theorem lemma3p1:
  fixes N :: nat and lam u :: "nat \<Rightarrow> real" and \<alpha> :: real
  assumes lam_mono: "\<And>i j. 1 \<le> i \<Longrightarrow> i < j \<Longrightarrow> j \<le> N \<Longrightarrow> lam i < lam j"
    and u_range: "\<And>i. 1 \<le> i \<Longrightarrow> i \<le> N \<Longrightarrow> u i \<in> {-1<..<1} - {0}"
    and u_norm: "(\<Sum>i=1..N. (u i)^2) = 1"
  shows "(\<bar>\<alpha>\<bar> < 1 \<and> \<bar>\<alpha>\<bar> \<ge> \<bar>u N\<bar> \<longrightarrow>
           constr_sup N lam u \<alpha> = Inf {l - \<alpha>^2 / s_lu N lam u l | l. l > lam N})
       \<and> (\<bar>\<alpha>\<bar> \<le> \<bar>u N\<bar> \<longrightarrow>
           lam N - 2 * (u N)^2 / sqrt (1 - (u N)^2) * (lam N - lam 1) \<le> constr_sup N lam u \<alpha>
           \<and> constr_sup N lam u \<alpha> \<le> lam N)"
proof -
  have "1 \<le> N"
    using u_norm by (cases N) auto
  then have N: "N \<in> {1..N}" and "u N \<noteq> 0" "(u N)^2 < 1"
    using u_range[OF \<open>1 \<le> N\<close> order_refl] by (auto simp: abs_square_less_1)
  have lam_less: "\<And>i. i \<in> {1..N} - {N} \<Longrightarrow> lam i < lam N"
    and lam_between: "\<And>i. i \<in> {1..N} \<Longrightarrow> lam 1 \<le> lam i \<and> lam i \<le> lam N"
    using lam_mono by (fastforce simp: le_less)+
  have sup: "constr_sup N lam u \<alpha> = Sup (constrained_Rayleigh_values {1..N} lam u \<alpha>)"
    and dual: "{l - \<alpha>^2 / s_lu N lam u l | l. l > lam N} = secular_dual_values {1..N} lam u \<alpha> (lam N)"
    by (simp_all add: constr_sup_def constrained_Rayleigh_values_def s_lu_def secular_dual_values_def)
  show ?thesis
  proof (intro conjI impI)
    assume "\<bar>\<alpha>\<bar> < 1 \<and> \<bar>\<alpha>\<bar> \<ge> \<bar>u N\<bar>"
    then have "(u N)^2 \<le> \<alpha>^2" "\<alpha>^2 < 1"
      by (auto simp: abs_le_square_iff abs_square_less_1)
    then show "constr_sup N lam u \<alpha> = Inf {l - \<alpha>^2 / s_lu N lam u l | l. l > lam N}"
      unfolding sup dual
      using Sup_constrained_Rayleigh_eq_Inf_secular_dual[OF finite_atLeastAtMost N, of lam u \<alpha>]
        lam_less u_norm \<open>u N \<noteq> 0\<close> by blast
  next
    assume "\<bar>\<alpha>\<bar> \<le> \<bar>u N\<bar>"
    then have "\<alpha>^2 \<le> (u N)^2"
      by (simp add: abs_le_square_iff)
    note bounds = Sup_constrained_Rayleigh_bounds[where lam = lam,
        OF finite_atLeastAtMost N lam_between u_norm \<open>(u N)^2 < 1\<close> this]
    have "((u N)^2 - \<alpha>^2) * (lam N - lam 1) \<le> 2 * (u N)^2 / sqrt (1 - (u N)^2) * (lam N - lam 1)"
      using square_le_twice_div_sqrt[OF \<open>(u N)^2 < 1\<close>] lam_between[OF N] zero_le_power2[of \<alpha>]
      by (intro mult_right_mono) linarith+
    then show "lam N - 2 * (u N)^2 / sqrt (1 - (u N)^2) * (lam N - lam 1) \<le> constr_sup N lam u \<alpha>"
      unfolding sup using bounds(1) by linarith
    show "constr_sup N lam u \<alpha> \<le> lam N"
      unfolding sup using bounds(2) .
  qed
qed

→ **Task requirements**
The whole of the data is to be copied out word for word.

→ **Solution to this exercise**
theorem lemma3p1:
  fixes N :: nat and lam u :: "nat \<Rightarrow> real" and \<alpha> :: real
  assumes lam_mono: "\<And>i j. 1 \<le> i \<Longrightarrow> i < j \<Longrightarrow> j \<le> N \<Longrightarrow> lam i < lam j"
    and u_range: "\<And>i. 1 \<le> i \<Longrightarrow> i \<le> N \<Longrightarrow> u i \<in> {-1<..<1} - {0}"
    and u_norm: "(\<Sum>i=1..N. (u i)^2) = 1"
  shows "(\<bar>\<alpha>\<bar> < 1 \<and> \<bar>\<alpha>\<bar> \<ge> \<bar>u N\<bar> \<longrightarrow>
           constr_sup N lam u \<alpha> = Inf {l - \<alpha>^2 / s_lu N lam u l | l. l > lam N})
       \<and> (\<bar>\<alpha>\<bar> \<le> \<bar>u N\<bar> \<longrightarrow>
           lam N - 2 * (u N)^2 / sqrt (1 - (u N)^2) * (lam N - lam 1) \<le> constr_sup N lam u \<alpha>
           \<and> constr_sup N lam u \<alpha> \<le> lam N)"
proof -
  have "1 \<le> N"
    using u_norm by (cases N) auto
  then have N: "N \<in> {1..N}" and "u N \<noteq> 0" "(u N)^2 < 1"
    using u_range[OF \<open>1 \<le> N\<close> order_refl] by (auto simp: abs_square_less_1)
  have lam_less: "\<And>i. i \<in> {1..N} - {N} \<Longrightarrow> lam i < lam N"
    and lam_between: "\<And>i. i \<in> {1..N} \<Longrightarrow> lam 1 \<le> lam i \<and> lam i \<le> lam N"
    using lam_mono by (fastforce simp: le_less)+
  have sup: "constr_sup N lam u \<alpha> = Sup (constrained_Rayleigh_values {1..N} lam u \<alpha>)"
    and dual: "{l - \<alpha>^2 / s_lu N lam u l | l. l > lam N} = secular_dual_values {1..N} lam u \<alpha> (lam N)"
    by (simp_all add: constr_sup_def constrained_Rayleigh_values_def s_lu_def secular_dual_values_def)
  show ?thesis
  proof (intro conjI impI)
    assume "\<bar>\<alpha>\<bar> < 1 \<and> \<bar>\<alpha>\<bar> \<ge> \<bar>u N\<bar>"
    then have "(u N)^2 \<le> \<alpha>^2" "\<alpha>^2 < 1"
      by (auto simp: abs_le_square_iff abs_square_less_1)
    then show "constr_sup N lam u \<alpha> = Inf {l - \<alpha>^2 / s_lu N lam u l | l. l > lam N}"
      unfolding sup dual
      using Sup_constrained_Rayleigh_eq_Inf_secular_dual[OF finite_atLeastAtMost N, of lam u \<alpha>]
        lam_less u_norm \<open>u N \<noteq> 0\<close> by blast
  next
    assume "\<bar>\<alpha>\<bar> \<le> \<bar>u N\<bar>"
    then have "\<alpha>^2 \<le> (u N)^2"
      by (simp add: abs_le_square_iff)
    note bounds = Sup_constrained_Rayleigh_bounds[where lam = lam,
        OF finite_atLeastAtMost N lam_between u_norm \<open>(u N)^2 < 1\<close> this]
    have "((u N)^2 - \<alpha>^2) * (lam N - lam 1) \<le> 2 * (u N)^2 / sqrt (1 - (u N)^2) * (lam N - lam 1)"
      using square_le_twice_div_sqrt[OF \<open>(u N)^2 < 1\<close>] lam_between[OF N] zero_le_power2[of \<alpha>]
      by (intro mult_right_mono) linarith+
    then show "lam N - 2 * (u N)^2 / sqrt (1 - (u N)^2) * (lam N - lam 1) \<le> constr_sup N lam u \<alpha>"
      unfolding sup using bounds(1) by linarith
    show "constr_sup N lam u \<alpha> \<le> lam N"
      unfolding sup using bounds(2) .
  qed
qed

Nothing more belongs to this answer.